- Opening Delimiter -
lemma sigma_finite_measure_lebesgue: "sigma_finite_measure (lebesgue :: real measure)"
  unfolding sigma_finite_measure_def
proof (intro exI[of _ "range (\<lambda>n::nat. {-real n..real n})"] conjI)
  have "\<exists>n::nat. x \<in> {-real n..real n}" for x :: real
  proof -
    obtain n :: nat where "\<bar>x\<bar> \<le> real n"
      using real_arch_simple by blast
    then show ?thesis
      by (intro exI[of _ n]) (auto simp: abs_le_iff)
  qed
  then show "\<Union> (range (\<lambda>n::nat. {-real n..real n})) = space lebesgue"
    by auto
qed auto

lemma set_integrable_iff_integrable_lebesgue_on:
  fixes f :: "'a::euclidean_space \<Rightarrow> 'b::{banach, second_countable_topology}"
  shows "S \<in> sets lebesgue \<Longrightarrow> set_integrable lebesgue S f \<longleftrightarrow> integrable (lebesgue_on S) f"
  unfolding set_integrable_def using integrable_restrict_space[of S lebesgue f] by simp

lemma absolutely_integrable_continuous_mult:
  fixes g f :: "real \<Rightarrow> complex"
  assumes "continuous_on {c..d} g" "f absolutely_integrable_on {c..d}"
  shows "(\<lambda>x. g x * f x) absolutely_integrable_on {c..d}"
proof (rule absolutely_integrable_bounded_measurable_product[OF bilinear_times])
  show "g \<in> borel_measurable (lebesgue_on {c..d})"
    by (rule continuous_imp_measurable_on_sets_lebesgue[OF assms(1)]) auto
  show "bounded (g ` {c..d})"
    by (intro compact_imp_bounded compact_continuous_image assms(1)) auto
qed (use assms in auto)
(* Let $\Gamma$ be a finitely generated linear group whose centre is trivial. Then $\Gamma$ is uniquely directly decomposable.
   Context: A group is linear if it is a subgroup of $\mathrm{GL}_d(K)$ for some integer $d$ and field $K$. A group is indecomposable if it is nontrivial and, for every isomorphism with a direct product $\Gamma_1\times\Gamma_2$, one factor is trivial. A group is uniquely directly decomposable if it is isomorphic to a restricted direct sum of indecomposable groups, and this in a unique way up to isomorphism of the factors (i.e. any two such decompositions have factors that can be matched bijectively with isomorphic matched factors). The trivial group counts as uniquely directly decomposable (empty sum). *)

theory Defs
  imports "Jordan_Normal_Form.Matrix" "HOL-Algebra.Product_Groups"
begin

definition GL_group :: "nat \<Rightarrow> 'k::field itself \<Rightarrow> 'k mat monoid" where
  "GL_group d ty = \<lparr> carrier = {A \<in> carrier_mat d d. invertible_mat A},
                     mult = (*), one = 1\<^sub>m d \<rparr>"

definition linear_group_over :: "'k::field itself \<Rightarrow> ('a, 'b) monoid_scheme \<Rightarrow> bool" where
  "linear_group_over ty G \<longleftrightarrow>
     group G \<and> (\<exists>d (\<phi> :: 'a \<Rightarrow> 'k mat). \<phi> \<in> hom G (GL_group d ty) \<and> inj_on \<phi> (carrier G))"

definition finitely_generated_group :: "('a, 'b) monoid_scheme \<Rightarrow> bool" where
  "finitely_generated_group G \<longleftrightarrow>
     (\<exists>S. finite S \<and> S \<subseteq> carrier G \<and> generate G S = carrier G)"

definition group_center :: "('a, 'b) monoid_scheme \<Rightarrow> 'a set" where
  "group_center G = {z \<in> carrier G. \<forall>g \<in> carrier G. z \<otimes>\<^bsub>G\<^esub> g = g \<otimes>\<^bsub>G\<^esub> z}"

text \<open>Indecomposable: nontrivial, and any isomorphism with a direct product has a trivial
  factor. Factors can be taken with carrier type 'a, since each factor embeds into the group.\<close>
definition indecomposable_group :: "('a, 'b) monoid_scheme \<Rightarrow> bool" where
  "indecomposable_group H \<longleftrightarrow> group H \<and> carrier H \<noteq> {\<one>\<^bsub>H\<^esub>} \<and>
     (\<forall>(A :: 'a monoid) (B :: 'a monoid). group A \<and> group B \<and> H \<cong> A \<times>\<times> B \<longrightarrow>
        carrier A = {\<one>\<^bsub>A\<^esub>} \<or> carrier B = {\<one>\<^bsub>B\<^esub>})"

text \<open>A decomposition of G as restricted direct sum of indecomposable groups, indexed by I.
  Indices and factor carriers live in type 'a (no loss: nontrivial factors embed into G).\<close>
definition direct_decomposition :: "('a, 'b) monoid_scheme \<Rightarrow> 'a set \<Rightarrow> ('a \<Rightarrow> 'a monoid) \<Rightarrow> bool" where
  "direct_decomposition G I F \<longleftrightarrow>
     (\<forall>i \<in> I. indecomposable_group (F i)) \<and> G \<cong> sum_group I F"

definition uniquely_directly_decomposable :: "('a, 'b) monoid_scheme \<Rightarrow> bool" where
  "uniquely_directly_decomposable G \<longleftrightarrow>
     (\<exists>I F. direct_decomposition G I F) \<and>
     (\<forall>I F J F'. direct_decomposition G I F \<and> direct_decomposition G J F' \<longrightarrow>
        (\<exists>\<sigma>. bij_betw \<sigma> I J \<and> (\<forall>i \<in> I. F i \<cong> F' (\<sigma> i))))"

end

theory Submission
  imports Defs "Jordan_Normal_Form.VS_Connect"
begin

(* In a centreless restricted direct sum P of groups F_i every factor is centreless, and the
   centralizer of the complement of F_i is F_i itself. If P is isomorphic to another such sum, the
   projections of the second sum onto a factor and onto its complement therefore restrict to a
   splitting of F_i as a direct product; when F_i is indecomposable one side is trivial, so F_i is
   carried onto a factor of the second sum, and symmetry makes this a bijection of factors.
   For existence, the nontrivial factors of a centreless group are nonabelian; choosing
   noncommuting x_i, y_i in each F_i, the images of the x_i in GL_d(K) are linearly independent
   (x_i commutes with y_k exactly when i ~= k), so a centreless linear group has at most d^2
   nontrivial direct factors, and a decomposition with the maximal number of factors is a
   decomposition into indecomposables. *)

section \<open>Cross-commuting families of matrices\<close>

definition mat_to_vec :: "nat \<Rightarrow> 'a mat \<Rightarrow> 'a vec" where
  "mat_to_vec d M = vec (d * d) (\<lambda>t. M $$ (t div d, t mod d))"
- Closing Delimiter -
• **ABOUT THIS EXERCISE**:
Show the lines of the data that hold the word "itself".

• **ANSWER FOR THIS EXERCISE**:
definition GL_group :: "nat \<Rightarrow> 'k::field itself \<Rightarrow> 'k mat monoid" where
definition linear_group_over :: "'k::field itself \<Rightarrow> ('a, 'b) monoid_scheme \<Rightarrow> bool" where
   centralizer of the complement of F_i is F_i itself. If P is isomorphic to another such sum, the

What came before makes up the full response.